> _Exercise brief_:
Reproduce the records word for word, from the first line to the line containing "differentiable_def by blast".
::: Records shown
lemma second_difference_mvt:
  fixes f :: "real^'n \<Rightarrow> real"
  assumes "smooth f" "s > 0"
  obtains p where "norm (p - x) \<le> s * (norm u + norm v)"
    "f (x + s *\<^sub>R u + s *\<^sub>R v) - f (x + s *\<^sub>R u) - f (x + s *\<^sub>R v) + f x = s\<^sup>2 * ddir v (ddir u f) p"
proof -
  define h where "h = (\<lambda>y. f (y + s *\<^sub>R v) - f y)"
  have fd: "\<forall>y. f differentiable (at y)" using assms(1) smooth_differentiable by blast
  have hd: "(h has_derivative (\<lambda>k. ddir k f (z + s *\<^sub>R v) - ddir k f z)) (at z)" for z
    unfolding h_def using fd by (intro has_derivative_diff has_derivative_ddir_shift has_derivative_ddir) auto
  then have "\<forall>y. h differentiable (at y)" using differentiable_def by blast
  then obtain t where t: "0 < t" "t < s" "h (x + s *\<^sub>R u) - h x = s * ddir u h (x + t *\<^sub>R u)"
    using mvt_ddir_line assms(2) by metis
  have "\<forall>y. ddir u f differentiable (at y)"
    using smooth_differentiable[OF smooth_ddir[OF assms(1)]] by blast
  then obtain r where r: "0 < r" "r < s"
    "ddir u f (x + t *\<^sub>R u + s *\<^sub>R v) - ddir u f (x + t *\<^sub>R u)
      = s * ddir v (ddir u f) (x + t *\<^sub>R u + r *\<^sub>R v)"
    using mvt_ddir_line assms(2) by metis
  define p where "p = x + t *\<^sub>R u + r *\<^sub>R v"
  have "p - x = t *\<^sub>R u + r *\<^sub>R v" unfolding p_def by simp
  then have "norm (p - x) \<le> norm (t *\<^sub>R u) + norm (r *\<^sub>R v)"
    by (metis norm_triangle_ineq)
  also have "\<dots> = t * norm u + r * norm v" using t r by simp
  also have "\<dots> \<le> s * norm u + s * norm v"
    using t r by (intro add_mono mult_right_mono) auto
  finally have "norm (p - x) \<le> s * (norm u + norm v)" by (simp add: algebra_simps)
  moreover have "f (x + s *\<^sub>R u + s *\<^sub>R v) - f (x + s *\<^sub>R u) - f (x + s *\<^sub>R v) + f x
      = h (x + s *\<^sub>R u) - h x" unfolding h_def by simp
  then have "f (x + s *\<^sub>R u + s *\<^sub>R v) - f (x + s *\<^sub>R u) - f (x + s *\<^sub>R v) + f x
      = s\<^sup>2 * ddir v (ddir u f) p"
    using t(3) ddir_eqI[OF hd] r(3) unfolding p_def by (simp add: power2_eq_square)
  ultimately show ?thesis using that by blast
qed

text \<open>Schwarz's theorem: both mixed derivatives are limits of the same second difference quotient.\<close>
lemma ddir_commute:
  fixes f :: "real^'n \<Rightarrow> real"
  assumes "smooth f"
  shows "ddir u (ddir v f) x = ddir v (ddir u f) x"
proof (rule ccontr)
  define A where "A = ddir v (ddir u f)"
  define B where "B = ddir u (ddir v f)"
  assume "ddir u (ddir v f) x \<noteq> ddir v (ddir u f) x"
  then have e: "\<bar>A x - B x\<bar> / 2 > 0" unfolding A_def B_def by simp
  have "continuous (at x) A" "continuous (at x) B" unfolding A_def B_def
    by (intro differentiable_imp_continuous_within smooth_differentiable smooth_ddir assms)+
  then obtain d1 d2 where d: "d1 > 0" "\<forall>y. dist y x < d1 \<longrightarrow> dist (A y) (A x) < \<bar>A x - B x\<bar> / 2"
      "d2 > 0" "\<forall>y. dist y x < d2 \<longrightarrow> dist (B y) (B x) < \<bar>A x - B x\<bar> / 2"
    using e unfolding continuous_at_eps_delta by metis
  define s where "s = min d1 d2 / (norm u + norm v + 1)"
  have pos: "norm u + norm v + 1 > 0" using norm_ge_zero[of u] norm_ge_zero[of v] by linarith
  have s: "s > 0" using d pos unfolding s_def by simp
  have "s * (norm u + norm v) < s * (norm u + norm v + 1)" using s by simp
  then have sb: "s * (norm u + norm v) < min d1 d2" unfolding s_def using pos by simp
  obtain p where p: "norm (p - x) \<le> s * (norm u + norm v)"
    "f (x + s *\<^sub>R u + s *\<^sub>R v) - f (x + s *\<^sub>R u) - f (x + s *\<^sub>R v) + f x = s\<^sup>2 * A p"
    using second_difference_mvt[OF assms s, of x u v] unfolding A_def by blast
  obtain q where q: "norm (q - x) \<le> s * (norm v + norm u)"
    "f (x + s *\<^sub>R v + s *\<^sub>R u) - f (x + s *\<^sub>R v) - f (x + s *\<^sub>R u) + f x = s\<^sup>2 * B q"
    using second_difference_mvt[OF assms s, of x v u] unfolding B_def by blast
  have "A p = B q" using p(2) q(2) s by (simp add: algebra_simps)
  moreover have "dist p x < d1" "dist q x < d2" using p(1) q(1) sb by (auto simp: dist_norm algebra_simps)
  then have "dist (A p) (A x) < \<bar>A x - B x\<bar> / 2" "dist (B q) (B x) < \<bar>A x - B x\<bar> / 2"
    using d by auto
  ultimately show False by (simp add: dist_real_def abs_if split: if_splits)
qed

lemma dirs_Nil [simp]: "dirs [] f = f"
  by (simp add: dirs_def)

lemma dirs_Cons [simp]: "dirs (v # vs) f = ddir v (dirs vs f)"
  by (simp add: dirs_def)

lemma dirs_append: "dirs (xs @ ys) f = dirs xs (dirs ys f)"
  by (simp add: dirs_def)

lemma smooth_dirs: "smooth f \<Longrightarrow> smooth (dirs vs f)"
  by (induction vs) (auto simp: smooth_ddir)

lemma dirs_ddir_commute:
  fixes f :: "real^'n \<Rightarrow> real"
  assumes "smooth f"
  shows "dirs vs (ddir v f) = ddir v (dirs vs f)"
proof (induction vs)
  case (Cons u vs)
  have "ddir u (ddir v (dirs vs f)) = ddir v (ddir u (dirs vs f))"
    by (rule ext, rule ddir_commute[OF smooth_dirs[OF assms]])
  with Cons show ?case by simp
qed simp

lemma dirs_mset_eq:
  fixes f :: "real^'n \<Rightarrow> real"
  assumes "smooth f" "mset vs = mset ws"
  shows "dirs vs f = dirs ws f"
  using assms(2)
proof (induction vs arbitrary: ws)
  case (Cons v vs)
  then have "v \<in> set ws" by (metis list.set_intros(1) set_mset_mset)
  then obtain ws1 ws2 where ws: "ws = ws1 @ v # ws2" by (meson split_list)
  with Cons have "dirs vs f = dirs (ws1 @ ws2) f" by simp
  then show ?case
    by (simp add: ws dirs_append dirs_ddir_commute[OF smooth_dirs[OF assms(1)]])
qed simp

lemma dirs_lincomb:
  assumes "smooth f" "smooth g"
  shows "dirs vs (\<lambda>x. a * f x + b * g x) = (\<lambda>x. a * dirs vs f x + b * dirs vs g x)"
proof (induction vs)
  case (Cons v vs)
  have "\<forall>x. dirs vs f differentiable (at x)" "\<forall>x. dirs vs g differentiable (at x)"
    using smooth_differentiable smooth_dirs assms by blast+
  with Cons show ?case using ddir_lincomb by simp
qed simp

lemma dirs_zero: "dirs vs (\<lambda>x. 0) = (\<lambda>x. 0)"
  using dirs_lincomb[OF smooth_const smooth_const, of vs 0 0 0 0] by simp

lemma dirs_sum:
  assumes "\<And>i. i \<in> I \<Longrightarrow> smooth (f i)"
  shows "dirs vs (\<lambda>x. \<Sum>i\<in>I. c i * f i x) = (\<lambda>x. \<Sum>i\<in>I. c i * dirs vs (f i) x)"
  using assms
proof (induction I rule: infinite_finite_induct)
  case (insert i I)
  have "smooth (\<lambda>x. \<Sum>i\<in>I. c i * f i x)"
    using insert.prems by (intro smooth_sum smooth_cmult) auto
  with insert dirs_lincomb[of "f i" "\<lambda>x. \<Sum>i\<in>I. c i * f i x" vs "c i" 1] show ?case
    by simp
qed (simp_all add: dirs_zero)

lemma coord_list: "set (coord_list :: 'n::finite list) = UNIV" "distinct (coord_list :: 'n::finite list)"
proof -
  have "\<exists>xs::'n list. set xs = UNIV \<and> distinct xs"
    using finite_distinct_list[of "UNIV :: 'n set"] by simp
  then have "set (coord_list :: 'n list) = UNIV \<and> distinct (coord_list :: 'n list)"
    unfolding coord_list_def by (rule someI_ex)
  then show "set (coord_list :: 'n list) = UNIV" "distinct (coord_list :: 'n list)" by auto
qed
::::::
> _Your response_:
lemma second_difference_mvt:
  fixes f :: "real^'n \<Rightarrow> real"
  assumes "smooth f" "s > 0"
  obtains p where "norm (p - x) \<le> s * (norm u + norm v)"
    "f (x + s *\<^sub>R u + s *\<^sub>R v) - f (x + s *\<^sub>R u) - f (x + s *\<^sub>R v) + f x = s\<^sup>2 * ddir v (ddir u f) p"
proof -
  define h where "h = (\<lambda>y. f (y + s *\<^sub>R v) - f y)"
  have fd: "\<forall>y. f differentiable (at y)" using assms(1) smooth_differentiable by blast
  have hd: "(h has_derivative (\<lambda>k. ddir k f (z + s *\<^sub>R v) - ddir k f z)) (at z)" for z
    unfolding h_def using fd by (intro has_derivative_diff has_derivative_ddir_shift has_derivative_ddir) auto
  then have "\<forall>y. h differentiable (at y)" using differentiable_def by blast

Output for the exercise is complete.